See `layer/template.yaml` for a full example that builds the layer from source with both x86_64 and arm64 variants.

### How It Works

The layer includes a Rust proxy that sits between the Lambda runtime and the Lambda Runtime API:

1. The wrapper script (`/opt/failure-lambda-wrapper`) starts the proxy and redirects `AWS_LAMBDA_RUNTIME_API` to it
2. On each invocation, the proxy reads your failure configuration from SSM Parameter Store or AppConfig
3. Based on the active flags, the proxy injects faults before or after forwarding the invocation to your handler
4. For `denylist` mode, an LD_PRELOAD shared library intercepts `getaddrinfo()` calls to block DNS resolution for matching hostnames

Your handler code is completely unchanged — the proxy is transparent.

### Limitations

- **Managed runtimes only:** Relies on `AWS_LAMBDA_EXEC_WRAPPER`, which is silently ignored on OS-only runtimes (`provided.al2023`, `provided.al2`).
- **DNS denylist:** Uses LD_PRELOAD on `getaddrinfo()`, which does not work with runtimes that use statically linked DNS. The Node.js npm package uses `dns.lookup` monkey-patching instead, which is more reliable for Node.js. All other failure modes work regardless of runtime.
- **No kill switch:** `FAILURE_LAMBDA_DISABLED` is not implemented in the layer proxy. To disable injection, set all flags to `enabled: false` in the configuration.

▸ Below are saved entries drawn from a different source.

lemma free_proximate_iff:
  assumes "eta \<in> vertices N"
  shows "free_vertex N S eta \<and> proximate S eta mu \<longleftrightarrow> S eta = {mu}"
proof -
  have fin: "finite (S eta)" and "S eta \<subseteq> {1..<eta}"
    using valid_seq_proximates[OF blowup_valid] assms unfolding vertices_def by auto
  then have "S eta \<subseteq> vertices N" using assms unfolding vertices_def by auto
  then have "{nu \<in> vertices N. proximate S eta nu} = S eta" unfolding proximate_def by blast
  then show ?thesis
    unfolding free_vertex_def proximate_def using card_le_Suc0_iff_eq[OF fin] by auto
qed

text \<open>When \<open>\<eta>\<close> appears, its only neighbour is \<open>\<mu>\<close>; so in \<open>\<Gamma> - \<mu>\<close> it cannot reach an older vertex.\<close>
lemma proximate_only_to_mu_least:
  assumes "eta \<in> vertices N" "S eta = {mu}" "reach eta r"
  shows "eta \<le> r"
proof (rule ccontr)
  assume "\<not> eta \<le> r"
  then have "(adj_avoiding S (Suc eta) mu)\<^sup>*\<^sup>* eta r"
    using reach_avoiding_project[OF blowup, of "Suc eta" "Suc N" eta r mu] assms(1,3)
    by (simp add: vertices_def)
  then show False
  proof (rule converse_rtranclpE)
    fix y assume "adj_avoiding S (Suc eta) mu eta y"
    with assms(2) show False by (auto simp: adj.simps)
  qed (use \<open>\<not> eta \<le> r\<close> in simp)
qed
lemma csi_lyap_jumps_bounded:
  assumes "0 < lam" "0 < n" "csi_size s \<le> n"
  shows "\<forall>(r, D)\<in>set (csi_lyap_jumps n lam s). 0 \<le> r \<and> \<bar>D\<bar> \<le> lyap_jump_bound lam"
proof -
  obtain B G where s: "s = (B, G)" by (cases s)
  define x where "x = real B"
  define y where "y = real G"
  define c where "c = lam / (2 * real n)"
  have xyN: "x + y \<le> real n"
    using assms(3) by (simp add: s x_def y_def flip: of_nat_add)
  have x: "0 \<le> x" and y: "0 \<le> y" by (simp_all add: x_def y_def)
  have c: "0 \<le> c" "c \<le> lam / 2" "c * (2 * x) \<le> lam"
    using assms xyN y by (auto simp: c_def field_simps)
  have "0 \<le> c * (2 * x)" using c x by simp
  then have "\<bar>c * (2 * x - 1) - (2 + lam / 2)\<bar> \<le> lyap_jump_bound lam"
    "\<bar>1 + lam / 2 - c * (2 * x + 1)\<bar> \<le> lyap_jump_bound lam"
    using assms c by (simp_all add: lyap_jump_bound_def abs_le_iff algebra_simps)
  moreover have "0 \<le> lam / real n * x * y" "0 \<le> lam / real n * x * (real n - x - y)"
    using assms x y xyN by simp_all
  ultimately show ?thesis using x y assms
    unfolding s csi_lyap_jumps_def Let_def prod.case x_def[symmetric] y_def[symmetric] c_def[symmetric]
    by (simp add: lyap_jump_bound_def)
qed

lemma sum_list_csi_lyap_jumps_increment_le:
  assumes "0 < lam" "lam < 4" "0 < n" "csi_size s \<le> n"
  shows "sum_list (map (\<lambda>(r, D). r * D) (csi_lyap_jumps n lam s)) \<le> - lyap_drift lam * real (csi_size s)"
proof -
  obtain B G where s: "s = (B, G)" by (cases s)
  define x where "x = real B"
  define y where "y = real G"
  define N where "N = real n"
  have x: "0 \<le> x" and y: "0 \<le> y" and N: "1 \<le> N"
    using assms by (simp_all add: x_def y_def N_def)
  have drift_eq: "sum_list (map (\<lambda>(r, D). r * D) (csi_lyap_jumps n lam s))
      = - (2 - lam / 2) * x - lam / (2 * N) * x - y + lam\<^sup>2 * y * (x * (N - 2 * x - 1)) / (2 * N\<^sup>2)"
    using N by (simp add: s csi_lyap_jumps_def Let_def x_def y_def N_def field_simps power2_eq_square)
  have "8 * (x * (N - 2 * x - 1)) = N\<^sup>2 - (N - 4 * x)\<^sup>2 - 8 * x"
    by (simp add: power2_eq_square algebra_simps)
  then have "8 * (x * (N - 2 * x - 1)) \<le> N\<^sup>2"
    using x by (smt (verit) zero_le_power2)
  then have "lam\<^sup>2 * y * (x * (N - 2 * x - 1)) / (2 * N\<^sup>2) \<le> lam\<^sup>2 * y * (N\<^sup>2 / 8) / (2 * N\<^sup>2)"
    using y N by (intro divide_right_mono mult_left_mono) auto
  also have "\<dots> = lam\<^sup>2 / 16 * y" using N by (simp add: field_simps)
  finally have "sum_list (map (\<lambda>(r, D). r * D) (csi_lyap_jumps n lam s))
      \<le> - (2 - lam / 2) * x - y + lam\<^sup>2 / 16 * y"
    using drift_eq assms x N by (smt (verit) divide_nonneg_nonneg mult_nonneg_nonneg)
  moreover have "lyap_drift lam * x \<le> (2 - lam / 2) * x" "lyap_drift lam * y \<le> (1 - lam\<^sup>2 / 16) * y"
    using x y by (simp_all add: lyap_drift_def mult_right_mono)
  ultimately show ?thesis by (simp add: s x_def y_def algebra_simps)
qed

lemma sum_list_csi_lyap_jumps_rate_le:
  assumes "0 < lam" "0 < n" "csi_size s \<le> n"
  shows "sum_list (map fst (csi_lyap_jumps n lam s)) \<le> (1 + lam) * real (csi_size s)"
proof -
  obtain B G where s: "s = (B, G)" by (cases s)
  have "lam / real n * real B * (real n - real B) \<le> lam * real B"
    using assms s by (simp add: field_simps mult_left_mono)
  moreover have "sum_list (map fst (csi_lyap_jumps n lam s))
      = real B + real G + lam / real n * real B * (real n - real B)"
    using assms by (simp add: s csi_lyap_jumps_def Let_def field_simps)
  moreover have "0 \<le> lam * real G" using assms by simp
  ultimately show ?thesis by (simp add: s algebra_simps)
qed
lemma polyfun2_eq_0_on_product:
  assumes "polyfun2 P" "infinite A" "infinite B" "\<And>a b. a \<in> A \<Longrightarrow> b \<in> B \<Longrightarrow> P a b = 0"
  shows "P z w = 0"
proof -
  have "P z b = 0" if "b \<in> B" for b
  proof -
    obtain p where p: "\<forall>z. P z b = poly p z"
      using polyfun2_poly_in_fst[OF assms(1)] by blast
    with assms(2,4) that have "p = 0" by (metis poly_eq_0_if_infinite_roots)
    with p show ?thesis by simp
  qed
  moreover obtain q where q: "\<forall>w. P z w = poly q w"
    using polyfun2_poly_in_snd[OF assms(1)] by blast
  ultimately have "q = 0" using assms(3) by (metis poly_eq_0_if_infinite_roots)
  with q show ?thesis by simp
qed

lemma infinite_range_of_real: "infinite (range complex_of_real)"
  using finite_imageD[of complex_of_real UNIV] infinite_UNIV_char_0[where 'a=real]
  by (metis inj_of_real)

lemma infinite_nonzero_complex: "infinite (UNIV - {0::complex})"
  using infinite_UNIV_char_0[where 'a=complex] by auto
(* Suppose the Lipschitz assumption holds, and let $K^3_t>0$ be a constant with $\|\hat f_t(z_1,\gamma)-\hat f_t(z_2,\gamma)\|_\infty\le K^3_t\|z_1-z_2\|_\infty$ for all $\gamma\in\mathcal G$, $z_1,z_2\in\mathcal I(\mathcal X)$. Let $t\in\mathbb N_T$, $\gamma_t\in\mathcal G$, let $m_t\in\mathcal M_n$ be the empirical distribution of the agents' states at time $t$, and $z_t\in\Delta(\mathcal X)$. Suppose every agent uses $u^i_t=\gamma_t(x^i_t)$, let $m_{t+1}$ be the resulting empirical distribution at time $t+1$, and let $z_{t+1}=\hat f_t(z_t,\gamma_t)$. Then $$\mathbb E\big[\|m_{t+1}-z_{t+1}\|_\infty\big]\le K^3_t\|m_t-z_t\|_\infty+\mathcal O(1/\sqrt n).$$
   Context: Fix $n\in\mathbb N$ agents, $T\in\mathbb N$, finite sets $\mathcal X,\mathcal U,\mathcal W$; $\mathbb N_k=\{1,\dots,k\}$; $\mathcal I(\mathcal X)=[0,1]^{\mathcal X}$; $\Delta(\mathcal X)$ the probability vectors on $\mathcal X$; $\mathcal M_n=\{m\in\Delta(\mathcal X):m(x)\in\{0,\tfrac1n,\dots,1\}\}$. Agent $i$ has state $x^i_t$ and action $u^i_t$; mean-field $m_t(x)=\frac1n\sum_i\mathbb 1(x^i_t=x)$; dynamics $x^i_{t+1}=f_t(x^i_t,u^i_t,w^i_t,m_t)$ with $f_t:\mathcal X\times\mathcal U\times\mathcal W\times\mathcal I(\mathcal X)\to\mathcal X$, where $w^1_t,\dots,w^n_t$ are i.i.d. with law $\mathbb P(w_t=\cdot)$ and independent of the states at time $t$. $\mathbb P(y|x,u,z)=\sum_w\mathbb 1(f_t(x,u,w,z)=y)\mathbb P(w_t=w)$; costs $\ell_t:\mathcal X\times\mathcal U\times\mathcal I(\mathcal X)\to\mathbb R_{\ge0}$. Lipschitz assumption: constants $K^1_t,K^2_t>0$ with $|\mathbb P(y|x,u,z_1)-\mathbb P(y|x,u,z_2)|\le K^1_t\|z_1-z_2\|_\infty$, $|\ell_t(x,u,z_1)-\ell_t(x,u,z_2)|\le K^2_t\|z_1-z_2\|_\infty$ for all $x,y,u$, $z_1,z_2\in\mathcal I(\mathcal X)$. $\mathcal G$ is the set of maps $\gamma:\mathcal X\to\mathcal U$; $\hat f_t(z,\gamma)(y)=\sum_x z(x)\mathbb P(y|x,\gamma(x),z)$. Model data do not depend on $n$; $\mathcal O(1/\sqrt n)$ denotes a quantity bounded by $C/\sqrt n$ with $C$ independent of $n$, $m_t$, $z_t$, $\gamma_t$. *)

theory Defs
  imports "HOL-Probability.Probability"
begin

definition supnorm :: "('x::finite \<Rightarrow> real) \<Rightarrow> real" where
  "supnorm g = Max (range (\<lambda>x. \<bar>g x\<bar>))"

definition in_I :: "('x \<Rightarrow> real) \<Rightarrow> bool" where
  "in_I z \<longleftrightarrow> (\<forall>x. 0 \<le> z x \<and> z x \<le> 1)"

definition in_Delta :: "('x::finite \<Rightarrow> real) \<Rightarrow> bool" where
  "in_Delta z \<longleftrightarrow> (\<forall>x. 0 \<le> z x) \<and> (\<Sum>x\<in>UNIV. z x) = 1"

definition empirical :: "nat \<Rightarrow> (nat \<Rightarrow> 'x) \<Rightarrow> 'x \<Rightarrow> real" where
  "empirical n xs = (\<lambda>x. real (card {i\<in>{..<n}. xs i = x}) / real n)"

definition trans_prob ::
  "('x \<Rightarrow> 'u \<Rightarrow> 'w::finite \<Rightarrow> ('x \<Rightarrow> real) \<Rightarrow> 'x) \<Rightarrow> 'w pmf
     \<Rightarrow> 'x \<Rightarrow> 'u \<Rightarrow> ('x \<Rightarrow> real) \<Rightarrow> 'x \<Rightarrow> real" where
  "trans_prob f pw x u z y = (\<Sum>w\<in>UNIV. (if f x u w z = y then 1 else 0) * pmf pw w)"

definition fhat ::
  "('x::finite \<Rightarrow> 'u \<Rightarrow> 'w::finite \<Rightarrow> ('x \<Rightarrow> real) \<Rightarrow> 'x) \<Rightarrow> 'w pmf
     \<Rightarrow> ('x \<Rightarrow> real) \<Rightarrow> ('x \<Rightarrow> 'u) \<Rightarrow> 'x \<Rightarrow> real" where
  "fhat f pw z \<gamma> = (\<lambda>y. \<Sum>x\<in>UNIV. z x * trans_prob f pw x (\<gamma> x) z y)"

definition next_empirical ::
  "('x \<Rightarrow> 'u \<Rightarrow> 'w \<Rightarrow> ('x \<Rightarrow> real) \<Rightarrow> 'x) \<Rightarrow> nat \<Rightarrow> (nat \<Rightarrow> 'x) \<Rightarrow> ('x \<Rightarrow> 'u)
     \<Rightarrow> (nat \<Rightarrow> 'w) \<Rightarrow> 'x \<Rightarrow> real" where
  "next_empirical f n xs \<gamma> ws =
     empirical n (\<lambda>i. f (xs i) (\<gamma> (xs i)) (ws i) (empirical n xs))"

end

(*
  Split m_{t+1} - z_{t+1} at hat f(m_t, gamma_t). The second part is at most K3 ||m_t - z_t||
  by the Lipschitz property of hat f. For the first part, the noises of the n agents are
  independent, so for each state y the quantity n (m_{t+1}(y) - hat f(m_t, gamma_t)(y)) is a
  sum of n independent centred variables bounded by 1. Its second moment is therefore at most n,
  so its expected absolute value is at most sqrt n; summing over y bounds the expected sup-norm
  of the first part by |X| / sqrt n.
*)

theory Submission
  imports Defs
begin

lemma (in prob_space) expectation_abs_le_sqrt_second_moment:
  fixes X :: "'a \<Rightarrow> real"
  assumes [measurable]: "X \<in> borel_measurable M" and sq: "integrable M (\<lambda>x. (X x)\<^sup>2)"
  shows "expectation (\<lambda>x. \<bar>X x\<bar>) \<le> sqrt (expectation (\<lambda>x. (X x)\<^sup>2))"
proof (rule real_le_rsqrt)
  have "integrable M X"
    by (rule square_integrable_imp_integrable) (use sq in simp_all)
  then have "variance (\<lambda>x. \<bar>X x\<bar>) = expectation (\<lambda>x. (X x)\<^sup>2) - (expectation (\<lambda>x. \<bar>X x\<bar>))\<^sup>2"
    using variance_eq[of "\<lambda>x. \<bar>X x\<bar>"] sq by simp
  with variance_positive show "(expectation (\<lambda>x. \<bar>X x\<bar>))\<^sup>2 \<le> expectation (\<lambda>x. (X x)\<^sup>2)"
    by (metis diff_ge_0_iff_ge)
qed

lemma finite_set_Pi_pmf:
  assumes "finite A" "\<And>i. i \<in> A \<Longrightarrow> finite (set_pmf (p i))"
  shows "finite (set_pmf (Pi_pmf A d p))"
  using assms by (simp add: set_Pi_pmf finite_PiE_dflt)

lemma
  fixes g :: "'a \<Rightarrow> real" and p :: "'i \<Rightarrow> 'a pmf"
  assumes "finite A" "i \<in> A"
  shows expectation_Pi_pmf_component:
      "measure_pmf.expectation (Pi_pmf A d p) (\<lambda>ws. g (ws i)) = measure_pmf.expectation (p i) g"
    and integrable_Pi_pmf_component_iff:
      "integrable (Pi_pmf A d p) (\<lambda>ws. g (ws i)) \<longleftrightarrow> integrable (p i) g"
proof -
  have component: "p i = map_pmf (\<lambda>ws. ws i) (Pi_pmf A d p)"
    using Pi_pmf_component[OF assms(1), of i d p] assms(2) by simp
  show "measure_pmf.expectation (Pi_pmf A d p) (\<lambda>ws. g (ws i)) = measure_pmf.expectation (p i) g"
    "integrable (Pi_pmf A d p) (\<lambda>ws. g (ws i)) \<longleftrightarrow> integrable (p i) g"
    by (simp_all add: component)
qed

To build the layer from source instead of downloading, see `layer/build.sh`.

## Failure Modes

| Mode | Description |
|------|-------------|
| `latency` | Adds random delay between `min_latency` and `max_latency` ms |
| `timeout` | Sleeps until Lambda timeout minus a configurable buffer |
| `exception` | Throws an error with a configurable message |
| `statuscode` | Returns a response with a configurable HTTP status code, skipping the handler |
| `diskspace` | Fills `/tmp` with a configurable amount of data |
| `denylist` | Blocks outgoing network connections to hostnames matching regex patterns |
| `corruption` | Replaces or mangles the handler's response body *(post-handler)* |

Multiple modes can be active simultaneously. Each mode is an independent feature flag with its own `percentage` (probability of injection).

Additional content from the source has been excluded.